# Billy Donovan



## RIVER RATT (May 26, 2007)

What is this guy thinking...Why do you sign a contract for 5 years for $27.5 mill, and want out the next day...We all know if you dont do well in any pro leage you are gone in 3-5 years...I say ride it out and go back to collage ball after you get axed...A top name school will offer him big bucks with in a week...Take the money and run Billy...


----------



## taddy1340 (Dec 10, 2004)

I just saw this too...interesting to see how this will play out!


----------



## bandman (Feb 13, 2006)

RIVER RATT said:


> What is this guy thinking...Why do you sign a contract for 5 years and want out the next day..


Why do people get cold feet at the alter?

I'm sure he stopped and looked at everything that's about to change for him and he decided he'd rather just have things the way they were. This has happened quite a few times and I think the coaches see the big '$' symbol and tend to forget about other big factors in the meantime.
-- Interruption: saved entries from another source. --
(* Let $W$ be a periodic infinite word with a period of length $N$ (i.e. $W=uuu\cdots$ with $|u|=N$). Then every Rauzy scheme for $W$ has scale strictly less than $N$.
   Context: $u\sqsubseteq w$: $u$ is a factor of $w$; $u\sqsubseteq_k w$: $u$ occurs in $w$ at least $k$ times. A graph with words is a strongly connected finite directed graph (multiple edges and loops allowed) in which every edge $e$ carries a front word $F(e)$ and a back word $B(e)$, and every vertex either has in-degree $1$ and out-degree $>1$ (distributing vertex) or in-degree $>1$ and out-degree $1$ (collecting vertex). A path is a finite nonempty sequence of edges $v_1\dots v_n$ with each $v_{i+1}$ starting where $v_i$ ends; subpaths and $s_1\sqsubseteq_k s_2$ are defined via edge records. A path is symmetric if its first edge starts at a collecting vertex and its last edge ends at a distributing vertex. For $s=v_1\dots v_n$, $F(s)$ is the concatenation, in order, of the front words of $v_1$ and of all $v_i$ ($i\ge2$) starting at a distributing vertex; $B(s)$ is the concatenation, in order, of the back words of all $v_i$ ($i\le n-1$) ending at a collecting vertex and of $v_n$. A Rauzy scheme for $W$ is a graph with words such that: (1) it has more than one edge; (2) front words of edges leaving a common distributing vertex have pairwise distinct first letters, and back words of edges entering a common collecting vertex have pairwise distinct last letters; (3) $F(s)=B(s)$ for every symmetric path $s$; (4) for symmetric paths $s_1,s_2$ and $k\ge1$, $F(s_1)\sqsubseteq_k F(s_2)$ implies $s_1\sqsubseteq_k s_2$; (5) all words on edges are factors of $W$; (6) every factor of $W$ is a factor of $F(s)$ for some symmetric path $s$; (7) for every edge $e$ there is a factor $u_e$ of $W$ such that every symmetric path $s$ with $u_e\sqsubseteq F(s)$ passes through $e$. A support edge is an edge from a collecting vertex to a distributing vertex; the scale of $S$ is the minimum of $|F(v)|$ over support edges $v$. *)

theory Defs
  imports "HOL-Library.Sublist"
begin

definition factor_of_inf :: "'a list \<Rightarrow> (nat \<Rightarrow> 'a) \<Rightarrow> bool" where
  "factor_of_inf u W \<longleftrightarrow> (\<exists>i. u = map W [i..<i + length u])"

definition occ :: "'b list \<Rightarrow> 'b list \<Rightarrow> nat" where
  "occ u w = card {i. i + length u \<le> length w \<and> take (length u) (drop i w) = u}"

definition occurs_k :: "'b list \<Rightarrow> nat \<Rightarrow> 'b list \<Rightarrow> bool" where
  "occurs_k u k w \<longleftrightarrow> occ u w \<ge> k"
(* For all $n\ge0$, \[\sum_{k=0}^n\binom{n}{k}P_{\mathcal{B}_k}(z)P_{\mathcal{B}_{n-k}}(z)=2^nP_{\mathcal{A}_{n+1}}(z).\]
   Context: $\mathcal{A}_m$ is the braid arrangement in $\mathbb{R}^m$ (hyperplanes $x_i=x_j$, $i<j$); $\mathcal{B}_m$ is the arrangement in $\mathbb{R}^m$ of hyperplanes $x_i=\pm x_j$ ($i<j$) and $x_i=0$, with $P_{\mathcal{B}_0}=1$. For an arrangement $\mathcal{A}$, $P_{\mathcal{A}}(z)=\sum_{\mathrm{X}}|\mu(\bot,\mathrm{X})|(z-1)^{\operatorname{codim}\mathrm{X}}$, summed over flats, $\mu$ the Möbius function of the lattice of flats under inclusion, $\bot$ its minimum. *)

theory Defs
  imports Complex_Main "HOL-Library.Function_Algebras" "HOL-Computational_Algebra.Polynomial"
begin

text \<open>Points of R^m are modelled as functions nat => real vanishing at all
  coordinates i >= m (coordinates are indexed 0..m-1).\<close>

type_synonym pt = "nat \<Rightarrow> real"

definition ambient :: "nat \<Rightarrow> pt set" where
  "ambient m = {x. \<forall>i\<ge>m. x i = 0}"

definition fscale :: "real \<Rightarrow> pt \<Rightarrow> pt" where
  "fscale c x = (\<lambda>i. c * x i)"

definition codim :: "nat \<Rightarrow> pt set \<Rightarrow> nat" where
  "codim m X = m - vector_space.dim fscale X"

definition braid_arr :: "nat \<Rightarrow> pt set set" where
  "braid_arr m = {{x \<in> ambient m. x i = x j} | i j. i < j \<and> j < m}"

definition typeB_arr :: "nat \<Rightarrow> pt set set" where
  "typeB_arr m =
     {{x \<in> ambient m. x i = x j} | i j. i < j \<and> j < m} \<union>
     {{x \<in> ambient m. x i = - x j} | i j. i < j \<and> j < m} \<union>
     {{x \<in> ambient m. x i = 0} | i. i < m}"

definition flats :: "nat \<Rightarrow> pt set set \<Rightarrow> pt set set" where
  "flats m A = {ambient m \<inter> \<Inter>S | S. S \<subseteq> A}"

definition flat_bot :: "nat \<Rightarrow> pt set set \<Rightarrow> pt set" where
  "flat_bot m A = ambient m \<inter> \<Inter>A"

definition mobius :: "'a set \<Rightarrow> ('a \<Rightarrow> 'a \<Rightarrow> bool) \<Rightarrow> 'a \<Rightarrow> 'a \<Rightarrow> int" where
  "mobius P le = (THE mu. \<forall>a b. mu a b =
      (if a \<in> P \<and> b \<in> P then
         (if a = b then 1
          else if le a b then - (\<Sum>c\<in>{c \<in> P. le a c \<and> le c b \<and> c \<noteq> b}. mu a c)
          else 0)
       else 0))"

definition arr_poly :: "nat \<Rightarrow> pt set set \<Rightarrow> real poly" where
  "arr_poly m A = (\<Sum>X\<in>flats m A.
      smult (real_of_int \<bar>mobius (flats m A) (\<subseteq>) (flat_bot m A) X\<bar>) ([:-1, 1:] ^ codim m X))"

end

theory Submission
  imports Defs
begin

(* Every flat of A_m or B_m is the image of a coordinate map R^d -> R^m sending y to
   the point with x_i = +-y_p or x_i = 0 (the latter only in type B), the free
   parameters y_p being numbered in order of first appearance.  Recording the letter
   +-(p + 1) or 0 at each position identifies the flats of R^m with signed restricted
   growth strings of length m, and the dimension of a flat is its number d of blocks.
   The flats below a flat X of dimension d are the images of the flats of the same
   arrangement in R^d, so mu(bot, X) depends only on d and is forced by
   sum_{C <= X} mu(bot, C) = [X = bot]: it is (-1)^d (2d - 1)!! in type B and
   (-1)^(d - 1) (d - 1)! in type A.  Building strings letter by letter (a letter either
   opens a new block or is one of 2d + 1, resp. d, old letters) gives
     P_B(m + 1) = z ((2m + 1) P_B(m) - 2 (z - 1) P_B'(m)),
     P_A(m + 1) = z (m P_A(m) - (z - 1) P_A'(m))   for m >= 1.
   Hence the binomial convolution S_n of P_B with itself obeys
     S_(n + 1) = z ((2n + 2) S_n - 2 (z - 1) S_n'),
   and so does 2^n P_A(n + 1); both are 1 at n = 0. *)

section \<open>Signed restricted growth strings\<close>

text \<open>The letter \<open>\<plusminus>(p + 1)\<close> at position \<open>i\<close> stands for \<open>x\<^sub>i = \<plusminus>y\<^sub>p\<close> and the
  letter \<open>0\<close> for \<open>x\<^sub>i = 0\<close>; a new block is opened by the letter one above the largest
  absolute value so far. The flag \<open>B\<close> selects type B; for the braid arrangement only
  positive letters are admissible.\<close>

lemma nat_int_plus_1 [simp]: "nat (int k + 1) = Suc k" "nat (1 + int k) = Suc k"
  by arith+
lemma isotropic_same_half_cone:
  assumes sym: "symmetric_gram G" and hyp: "hyperbolic G" and hh: "bfR G h h > 0"
    and ww: "bfR G w w = 0" and w'w': "bfR G w' w' = 0"
    and wh: "bfR G w h > 0" and ww': "bfR G w w' > 0"
  shows "bfR G w' h > 0"
proof (rule ccontr)
  assume "\<not> bfR G w' h > 0"
  then have w'h: "bfR G w' h \<le> 0" by simp
  define y where "y = bfR G w' h *\<^sub>R w - bfR G w h *\<^sub>R w'"
  have w'w: "bfR G w' w = bfR G w w'" by (rule bfR_commute[OF sym])
  have yh: "bfR G y h = 0" by (simp add: y_def bfR_linear_simps)
  have "bfR G y y = - 2 * bfR G w' h * bfR G w h * bfR G w w'"
    by (simp add: y_def bfR_linear_simps ww w'w' w'w)
  also have "\<dots> \<ge> 0"
    using w'h wh ww' by (simp add: mult_nonpos_nonneg mult_nonneg_nonneg)
  finally have "y = 0" using hyperbolic_orthogonal_negative[OF sym hyp hh yh] by fastforce
  moreover have "bfR G y w = - bfR G w h * bfR G w w'"
    by (simp add: y_def bfR_linear_simps ww w'w)
  ultimately show False using wh ww' by simp
qed

definition reflection :: "int^'n^'n \<Rightarrow> int^'n \<Rightarrow> int^'n \<Rightarrow> int^'n" where
  "reflection G r w = w + bf G w r *s r"

lemma bf_reflection_left: "bf G (reflection G r w) x = bf G w x + bf G w r * bf G r x"
  by (simp add: reflection_def bf_add_left bf_smult_left)

lemma bf_reflection_reflection:
  assumes "symmetric_gram G" and "bf G r r = -2"
  shows "bf G (reflection G r w) (reflection G r w) = bf G w w"
  using assms bf_commute[OF assms(1), of r w]
  by (simp add: reflection_def bf_add_left bf_add_right bf_smult_left bf_smult_right algebra_simps)

lemma realv_reflection: "realv (reflection G r w) = realv w + of_int (bf G w r) *\<^sub>R realv r"
  by (simp add: reflection_def realv_add realv_smult)

lemma isotropic_reflection:
  assumes "symmetric_gram G" and "r \<in> roots_h G h" and "isotropic G h m w"
  shows "isotropic G h m (reflection G r w)"
proof -
  have rr: "bf G r r = -2" and rh: "bf G r h = 0" using assms(2) by (auto simp: roots_h_def)
  have "bf G (reflection G r w) (reflection G r w) = bf G w w"
    by (rule bf_reflection_reflection[OF assms(1) rr])
  moreover have "bf G (reflection G r w) h = bf G w h" by (simp add: bf_reflection_left rh)
  ultimately show ?thesis using assms(3) by (simp add: isotropic_def)
qed

lemma admissibleD:
  assumes "admissible G h k" and "1 \<le> q" and "q \<le> int k"
  shows "\<not> isotropic G h q w"
proof -
  have "nat q \<in> {1..k}" using assms(2,3) by auto
  with assms(1) have "\<not> isotropic G h (int (nat q)) w" unfolding admissible_def by blast
  with assms(2) show ?thesis by simp
qed

lemma isotropic_of_not_admissible_Suc:
  assumes "admissible G h k" and "\<not> admissible G h (Suc k)"
  obtains w where "isotropic G h (int (Suc k)) w"
proof -
  obtain j w where j: "j \<in> {1..Suc k}" and w: "isotropic G h (int j) w"
    using assms(2) unfolding admissible_def by blast
  have "j \<notin> {1..k}" using assms(1) w unfolding admissible_def by blast
  with j have "j = Suc k" by simp
  with w that show ?thesis by blast
qed

lemma minimal_isotropic_nonneg_on_positive_roots:
  assumes sym: "symmetric_gram G" and w: "isotropic G h m w"
    and min: "\<And>w'. isotropic G h m w' \<Longrightarrow> bfR G \<xi> (realv w) \<le> bfR G \<xi> (realv w')"
    and r: "r \<in> roots_h G h" and \<xi>r: "bfR G \<xi> (realv r) > 0"
  shows "bf G w r \<ge> 0"
proof (rule ccontr)
  assume "\<not> bf G w r \<ge> 0"
  then have "of_int (bf G w r) * bfR G \<xi> (realv r) < 0" using \<xi>r by (simp add: mult_neg_pos)
  then have "bfR G \<xi> (realv (reflection G r w)) < bfR G \<xi> (realv w)"
    by (simp add: realv_reflection bfR_linear_simps)
  with min[OF isotropic_reflection[OF sym r w]] show False by simp
qed
definition input_stored :: "nat list \<Rightarrow> (nat \<Rightarrow> nat) \<Rightarrow> bool" where
  "input_stored w M \<longleftrightarrow> (\<forall>p < length w. M (p + 2) = w ! p)"

definition rows_stored :: "nat list \<Rightarrow> (nat \<Rightarrow> nat) \<Rightarrow> nat \<Rightarrow> bool" where
  "rows_stored w M i \<longleftrightarrow>
     (\<forall>i' q. 1 \<le> i' \<longrightarrow> i' < i \<longrightarrow> q \<le> length w + 1 \<longrightarrow> M (row_base w i' + q) = next_occ w i' q)"

definition row_suffix_stored :: "nat list \<Rightarrow> (nat \<Rightarrow> nat) \<Rightarrow> nat \<Rightarrow> nat \<Rightarrow> bool" where
  "row_suffix_stored w M i m \<longleftrightarrow>
     (\<forall>q. m \<le> q \<longrightarrow> q \<le> length w + 1 \<longrightarrow> M (row_base w i + q) = next_occ w i q)"

definition dp_stored :: "nat list \<Rightarrow> nat \<Rightarrow> (nat \<Rightarrow> nat) \<Rightarrow> nat \<Rightarrow> bool" where
  "dp_stored w k M S \<longleftrightarrow> (\<forall>m < S. M (row_base w (Suc k) + m) = shortest_prefix w (mask_symbols m))"

lemma input_stored_upd: "input_stored w M \<Longrightarrow> length w + 2 \<le> a \<Longrightarrow> input_stored w (M(a := v))"
  unfolding input_stored_def by auto

lemma rows_stored_upd:
  assumes "rows_stored w M i" "row_base w i \<le> a"
  shows "rows_stored w (M(a := v)) i"
proof -
  have "row_base w i' + q < a" if "i' < i" "q \<le> length w + 1" for i' q
    using row_base_mono[of "Suc i'" i w] that assms(2) by (simp add: row_base_Suc)
  then show ?thesis
    using assms(1) unfolding rows_stored_def by fastforce
qed

lemma row_suffix_stored_upd:
  "row_suffix_stored w M i (Suc m) \<Longrightarrow> row_suffix_stored w (M(row_base w i + m := next_occ w i m)) i m"
  unfolding row_suffix_stored_def by (metis Suc_leI add_left_cancel fun_upd_apply le_neq_implies_less)

lemma row_suffix_stored_end:
  "row_suffix_stored w (M(row_base w i + length w := length w, Suc (row_base w i + length w) := length w)) i (length w)"
  unfolding row_suffix_stored_def
proof (intro allI impI)
  fix q assume "length w \<le> q" "q \<le> length w + 1"
  then consider "q = length w" | "q = Suc (length w)" by linarith
  then show "(M(row_base w i + length w := length w, Suc (row_base w i + length w) := length w))
      (row_base w i + q) = next_occ w i q"
    by cases (simp_all add: next_occ_beyond)
qed

lemma rows_stored_Suc: "rows_stored w M i \<Longrightarrow> row_suffix_stored w M i 0 \<Longrightarrow> rows_stored w M (Suc i)"
  unfolding rows_stored_def row_suffix_stored_def by (metis less_antisym zero_le)
text \<open>The median of \<open>a, b, c\<close>: the last node of the path from \<open>a\<close> to \<open>b\<close> that still lies on the path from
  \<open>a\<close> to \<open>c\<close>; beyond it the two paths continue disjointly.\<close>
lemma tpaths_meet:
  assumes "a \<in> T" "b \<in> T" "c \<in> T"
  shows "\<exists>m. m \<in> set (tpath a b) \<and> m \<in> set (tpath b c) \<and> m \<in> set (tpath a c)"
proof -
  define L where "L = tpath a b"
  define M where "M = tpath a c"
  have dL: "simple_walk T F a b L" and dM: "simple_walk T F a c M"
    using simple_walk_tpath assms L_def M_def by auto
  define S where "S = {t. t < length L \<and> L ! t \<in> set M}"
  have "L ! 0 = a" "M ! 0 = a" "M \<noteq> []" "L \<noteq> []" using dL dM by (auto simp: simple_walk_def hd_conv_nth)
  then have "0 \<in> S" unfolding S_def using nth_mem[of 0 M] by auto
  have finS: "finite S" by (simp add: S_def)
  define i where "i = Max S"
  have iS: "i \<in> S" using Max_in[OF finS] \<open>0 \<in> S\<close> by (auto simp: i_def)
  have imax: "\<And>t. t \<in> S \<Longrightarrow> t \<le> i" using finS by (simp add: i_def)
  define m where "m = L ! i"
  obtain j where j: "j < length M" "M ! j = m" using iS by (auto simp: S_def m_def in_set_conv_nth)
  have il: "i < length L" using iS by (simp add: S_def)
  have lL: "L ! (length L - 1) = b" and lM: "M ! (length M - 1) = c"
    using dL dM by (auto simp: simple_walk_def last_conv_nth)
  define s1 where "s1 = segment L i (length L - 1)"
  define s2 where "s2 = segment M j (length M - 1)"
  have d1: "simple_walk T F m b s1"
    using simple_walk_segment[OF dL il, of "length L - 1"] il lL by (simp add: s1_def m_def)
  have d2: "simple_walk T F m c s2"
    using simple_walk_segment[OF dM j(1), of "length M - 1"] j lM by (simp add: s2_def)
  have "set s1 \<inter> set s2 \<subseteq> {m}"
  proof
    fix u assume u: "u \<in> set s1 \<inter> set s2"
    then obtain t where t: "i \<le> t" "t \<le> length L - 1" "u = L ! t"
      using il by (auto simp: s1_def set_segment min_def max_def split: if_splits)
    have "set s2 \<subseteq> set M" using j(1) by (auto simp: s2_def set_segment)
    then have "t \<in> S" using u t il by (auto simp: S_def)
    then show "u \<in> {m}" using imax t by (fastforce simp: m_def)
  qed
  then have "set s1 \<inter> set s2 = {m}" using simple_walk_ends[OF d1] simple_walk_ends[OF d2] by auto
  then have "m \<in> set (tpath b c)" using tpath_junction[OF d1 d2] simple_walk_ends[OF d1] by simp
  moreover have "m \<in> set L" using il m_def by simp
  moreover have "m \<in> set M" using j nth_mem by blast
  ultimately show ?thesis using L_def M_def by blast
qed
I think they will and should let him out of his signed contract b/c it's so early and these kinds of things have happened before so they can be expected to happen from time to time.


----------



## Chuck Smith (Feb 22, 2005)

I think he looked at the other coaches who left for the pro's and said why leave this program which he built and can get what ever he wants from it. Look at rick patino. He left kentucky for a fail career. He had a dynasty in the making and left for $$$. This will be interesting on how it works out.


----------



## cubbieman (May 14, 2007)

the magic owe it to the fans who bought tickets after hearing of his contract to at least make him coach this year, and i think they should make him fulfil the contract


----------



## njsimonson (Sep 24, 2002)

C'mon back Billy! The Gator Nation still wants you!


----------



## bandman (Feb 13, 2006)

cubbieman said:


> the magic owe it to the fans who bought tickets after hearing of his contract to at least make him coach this year, and i think they should make him fulfil the contract


Holding him against his will would just be wrong in this case and I really doubt that many fans just went out and bought tickets just b/c a new coach is in town. It's not like the new-coming of a superstar that will have fans flocking to the stadium.


----------



## RIVER RATT (May 26, 2007)

Well you got him back gator fans...I dont see a threepeat happening this year...Lost to many key players...Grate coach, and will have the gators in the hunt for years to come...Just me, but Id personaly take the money...


----------



## 280IM (Mar 28, 2005)

There is more to life than money


----------



## 870 XPRS (Mar 12, 2003)

.....yeah cause he's barely making enough to support his family in Gainesville.


----------



## 280IM (Mar 28, 2005)

Everybody gets paid well in Gainsville


----------



## njsimonson (Sep 24, 2002)

Including the players. :wink:


----------



## duckjunky (Mar 8, 2007)

Now he is back in Gainsville and he cant even entertain offers from NBA teams for 5 years right? If you ask me( and nobody did) I think he screwed himself. I hope he can recrute well. At least for a couple seasons.
Duckjunky


----------